The area of the overlying film (film absorber areas 2a) is mainly in the middle to higher frequency range, ie more than 1000 Hz effective. The film is here on the Soft foam stored. By melting the film 2 on the foam material is also this melted in a thickness range of about 1/10 mm, whereby the film 2 is stored soft and swinging. Preferably, the mass resistance of the film is in this range is not greater than the characteristic impedance of the air, d. H. the film thickness is like that designed to absorb all frequencies below a given maximum frequency. It should no reflection of the sound on the slide occur.

The contact area of the film 2 on the foam material 1 can, for example, 40 to 60% of Depending on the design of the sound absorption. Preferably, an investment area 2a provided in the plan view in Fig. 1 and 3 of about 50%.

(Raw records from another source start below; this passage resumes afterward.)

(* Let $R\subseteq S$, $\sigma$ be as in the context, and $n=n_1+\cdots+n_\ell$. Let $\mathbf{a}=(a_1,\ldots,a_\ell)\in(S^* )^\ell$ and $\beta_{i,j}\in S$ ($1\le i\le\ell$, $1\le j\le n_i$) satisfy: (i) $a_i-a_j^\beta\in S^*$ for all $\beta\in S^*$ and $1\le i<j\le\ell$; (ii) for each $i$, $\beta_{i,1},\ldots,\beta_{i,n_i}$ are $R$-linearly independent. Then the $n\times n$ matrix $M_n(\mathbf{a},\boldsymbol\beta)$ over $S$, whose rows are indexed by $s=0,1,\ldots,n-1$, whose columns are indexed by the pairs $(i,j)$ in the order $(1,1),\ldots,(1,n_1),\ldots,(\ell,1),\ldots,(\ell,n_\ell)$, and whose $(s,(i,j))$ entry is $\mathcal{D}_{a_i}^s(\beta_{i,j})$, is invertible.
   Context: $R$ is a finite commutative chain ring with maximal ideal $\mathfrak{m}$, $q=|R/\mathfrak{m}|$; $S=R[x]/(h)$ with $h$ monic of degree $m$ irreducible modulo $\mathfrak{m}$, local with maximal ideal $\mathfrak{M}=\mathfrak{m}S$ and unit group $S^*=S\setminus\mathfrak{M}$. $\sigma$ is a ring automorphism of $S$ generating the Galois group of $R\subseteq S$, with fixed ring $R$, reducing modulo $\mathfrak{M}$ to $y\mapsto y^q$. For $a,\beta\in S$: $N_s(a)=\sigma^{s-1}(a)\cdots\sigma(a)a$ ($N_0(a)=1$) and $\mathcal{D}_a^s(\beta)=\sigma^s(\beta)N_s(a)$. For $\beta\in S^*$, $a^\beta=\sigma(\beta)a\beta^{-1}$. *)

theory Defs
  imports "HOL-Computational_Algebra.Polynomial" "Jordan_Normal_Form.Matrix"
begin

text \<open>The ambient type 'a is the ring S; R is a subset of it.\<close>

definition subring :: "'a::comm_ring_1 set \<Rightarrow> bool" where
  "subring R \<longleftrightarrow> 0 \<in> R \<and> 1 \<in> R \<and>
     (\<forall>x\<in>R. \<forall>y\<in>R. x + y \<in> R \<and> x - y \<in> R \<and> x * y \<in> R)"

definition ideal_of :: "'a::comm_ring_1 set \<Rightarrow> 'a set \<Rightarrow> bool" where
  "ideal_of R I \<longleftrightarrow> I \<subseteq> R \<and> 0 \<in> I \<and>
     (\<forall>x\<in>I. \<forall>y\<in>I. x + y \<in> I \<and> x - y \<in> I) \<and> (\<forall>r\<in>R. \<forall>x\<in>I. r * x \<in> I)"

definition finite_chain_ring :: "'a::comm_ring_1 set \<Rightarrow> bool" where
  "finite_chain_ring R \<longleftrightarrow> subring R \<and> finite R \<and> (0::'a) \<noteq> 1 \<and>
     (\<forall>I J. ideal_of R I \<longrightarrow> ideal_of R J \<longrightarrow> I \<subseteq> J \<or> J \<subseteq> I)"

definition max_ideal :: "'a::comm_ring_1 set \<Rightarrow> 'a set" where
  "max_ideal R = {r \<in> R. \<not> (\<exists>u\<in>R. r * u = 1)}"

text \<open>The residue field size q = |R/m|.\<close>
definition residue_card :: "'a::comm_ring_1 set \<Rightarrow> nat" where
  "residue_card R = card ((\<lambda>r. (\<lambda>x. r + x) ` max_ideal R) ` R)"

definition ext_ideal :: "'a::comm_ring_1 set \<Rightarrow> 'a set" where
  "ext_ideal I = {x. \<exists>(k::nat) (f::nat \<Rightarrow> 'a) g. (\<forall>i<k. f i \<in> I) \<and> x = (\<Sum>i<k. f i * g i)}"

text \<open>h monic over R and irreducible modulo m: there are no monic f, g over R
  of positive degree with h \<equiv> f g (mod m) (residue-field factorizations lift
  to such monic f, g).\<close>
definition irreducible_mod :: "'a::comm_ring_1 set \<Rightarrow> 'a poly \<Rightarrow> bool" where
  "irreducible_mod R h \<longleftrightarrow> degree h \<ge> 1 \<and>
     \<not> (\<exists>f g. (\<forall>i. coeff f i \<in> R) \<and> (\<forall>i. coeff g i \<in> R) \<and>
          lead_coeff f = 1 \<and> lead_coeff g = 1 \<and> degree f \<ge> 1 \<and> degree g \<ge> 1 \<and>
          (\<forall>i. coeff (h - f * g) i \<in> max_ideal R))"

text \<open>S (= UNIV) is R[x]/(h) via x \<mapsto> \<theta>: h(\<theta>) = 0 and every element of S
  is uniquely an R-combination of 1, \<theta>, ..., \<theta>^(m-1).\<close>
definition presentation :: "'a::comm_ring_1 set \<Rightarrow> 'a poly \<Rightarrow> 'a \<Rightarrow> bool" where
  "presentation R h \<theta> \<longleftrightarrow> (\<forall>i. coeff h i \<in> R) \<and> lead_coeff h = 1 \<and> poly h \<theta> = 0 \<and>
     (\<forall>y. \<exists>!c. (\<forall>i. c i \<in> R) \<and> (\<forall>i\<ge>degree h. c i = 0) \<and>
                y = (\<Sum>i<degree h. c i * \<theta> ^ i))"

definition ring_aut :: "('a::comm_ring_1 \<Rightarrow> 'a) \<Rightarrow> bool" where
  "ring_aut \<tau> \<longleftrightarrow> bij \<tau> \<and> \<tau> 1 = 1 \<and> (\<forall>x y. \<tau> (x + y) = \<tau> x + \<tau> y \<and> \<tau> (x * y) = \<tau> x * \<tau> y)"

definition galois_group :: "'a::comm_ring_1 set \<Rightarrow> ('a \<Rightarrow> 'a) set" where
  "galois_group R = {\<tau>. ring_aut \<tau> \<and> (\<forall>r\<in>R. \<tau> r = r)}"

definition galois_setting :: "'a::comm_ring_1 set \<Rightarrow> 'a poly \<Rightarrow> 'a \<Rightarrow> ('a \<Rightarrow> 'a) \<Rightarrow> bool" where
  "galois_setting R h \<theta> \<sigma> \<longleftrightarrow>
     finite_chain_ring R \<and> presentation R h \<theta> \<and> irreducible_mod R h \<and>
     \<sigma> \<in> galois_group R \<and> (\<forall>\<tau>\<in>galois_group R. \<exists>k. \<tau> = \<sigma> ^^ k) \<and>
     {x. \<sigma> x = x} = R \<and>
     (\<forall>y. \<sigma> y - y ^ residue_card R \<in> ext_ideal (max_ideal R))"

definition normN :: "('a::comm_ring_1 \<Rightarrow> 'a) \<Rightarrow> nat \<Rightarrow> 'a \<Rightarrow> 'a" where
  "normN \<sigma> s a = (\<Prod>k<s. (\<sigma> ^^ k) a)"

definition Dop :: "('a::comm_ring_1 \<Rightarrow> 'a) \<Rightarrow> 'a \<Rightarrow> nat \<Rightarrow> 'a \<Rightarrow> 'a" where
  "Dop \<sigma> a s \<beta> = (\<sigma> ^^ s) \<beta> * normN \<sigma> s a"

definition ring_inv :: "'a::comm_ring_1 \<Rightarrow> 'a" where
  "ring_inv b = (THE c. b * c = 1)"

definition twist :: "('a::comm_ring_1 \<Rightarrow> 'a) \<Rightarrow> 'a \<Rightarrow> 'a \<Rightarrow> 'a" where
  "twist \<sigma> a \<beta> = \<sigma> \<beta> * a * ring_inv \<beta>"

definition R_lin_indep :: "'a::comm_ring_1 set \<Rightarrow> nat \<Rightarrow> (nat \<Rightarrow> 'a) \<Rightarrow> bool" where
  "R_lin_indep R k \<beta> \<longleftrightarrow>
     (\<forall>c. (\<forall>j\<in>{1..k}. c j \<in> R) \<longrightarrow> (\<Sum>j=1..k. c j * \<beta> j) = 0 \<longrightarrow> (\<forall>j\<in>{1..k}. c j = 0))"

definition col_labels :: "nat \<Rightarrow> (nat \<Rightarrow> nat) \<Rightarrow> (nat \<times> nat) list" where
  "col_labels l n = concat (map (\<lambda>i. map (\<lambda>j. (i, j)) [1..<Suc (n i)]) [1..<Suc l])"

definition Mmat :: "('a::comm_ring_1 \<Rightarrow> 'a) \<Rightarrow> nat \<Rightarrow> (nat \<Rightarrow> nat) \<Rightarrow> (nat \<Rightarrow> 'a)
                      \<Rightarrow> (nat \<Rightarrow> nat \<Rightarrow> 'a) \<Rightarrow> 'a mat" where
  "Mmat \<sigma> l n a \<beta> = (let N = (\<Sum>i=1..l. n i) in
     mat N N (\<lambda>(s, c). case col_labels l n ! c of (i, j) \<Rightarrow> Dop \<sigma> (a i) s (\<beta> i j)))"

end

theory Submission
  imports Defs "Jordan_Normal_Form.Determinant"
begin

(* Everything is done modulo a uniformizer \<pi> of R: it generates the maximal ideal of S,
   S/\<pi>S is a finite field whose elements fixed by \<sigma> come from R, and a square matrix over
   S is invertible as soon as y M \<equiv> 0 (mod \<pi>) forces y \<equiv> 0.  That kernel statement is proved
   by induction on the number of columns.  Writing T\<^sub>a \<gamma> = \<sigma> \<gamma> * a, row s of a column
   (a, \<beta>) is T\<^sub>a\<^sup>s \<beta>; picking one column (a, \<beta>) and dividing the twisted polynomial
   \<Sum> y\<^sub>s T\<^sup>s on the right by T - a\<^sup>\<beta> kills that column and turns every other column
   (a', \<beta>') into (a', \<sigma> \<beta>' * a' - a\<^sup>\<beta> * \<beta>'), with one column fewer.  These new columns are
   still independent modulo \<pi> within each class of equal a': for a' \<noteq> a by condition (i),
   and for a' = a because \<sigma>-fixed residues lie in R and the \<beta>'s are R-independent. *)

lemma ring_inv_eq: "(b::'a::comm_ring_1) * b' = 1 \<Longrightarrow> ring_inv b = b'"
  unfolding ring_inv_def
proof (rule the_equality)
  fix c assume "b * b' = 1" "b * c = 1"
  then have "c = c * (b * b')" by simp
  also have "\<dots> = (b * c) * b'" by (simp add: ac_simps)
  finally show "c = b'" using \<open>b * c = 1\<close> by simp
qed

lemma mult_ring_inv: "(b::'a::comm_ring_1) dvd 1 \<Longrightarrow> b * ring_inv b = 1"
  by (metis dvdE ring_inv_eq)

lemma unit_ring_inv: "(b::'a::comm_ring_1) dvd 1 \<Longrightarrow> ring_inv b dvd 1"
  by (metis dvdI mult.commute mult_ring_inv)

lemma unit_mult: "(a::'a::comm_monoid_mult) dvd 1 \<Longrightarrow> b dvd 1 \<Longrightarrow> a * b dvd 1"
  using mult_dvd_mono by fastforce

The outwardly convex shape of the film absorber regions 2a is also diffuse Sound incidence beneficial because of this waveform of the surface obliquely incident Components of the sound amplitude can be effectively absorbed, with the longitudinal extent the foam layer and thus a thicker effective foam layer for this obliquely incident or almost wall-parallel components is effective.

The shape of the depressions 1b or of the cavities 3 can vary. Fig. 1 shows an approximately Sinusoidal cut line, with the free-clamped film area approximately at the zero line this sinusoidal line lies. The recesses 1b can also be designed deeper and in a different form be. Fig. 3 shows an embodiment with approximately rectangular depressions. Also in this embodiment, the film is soft stored or damped at the edges.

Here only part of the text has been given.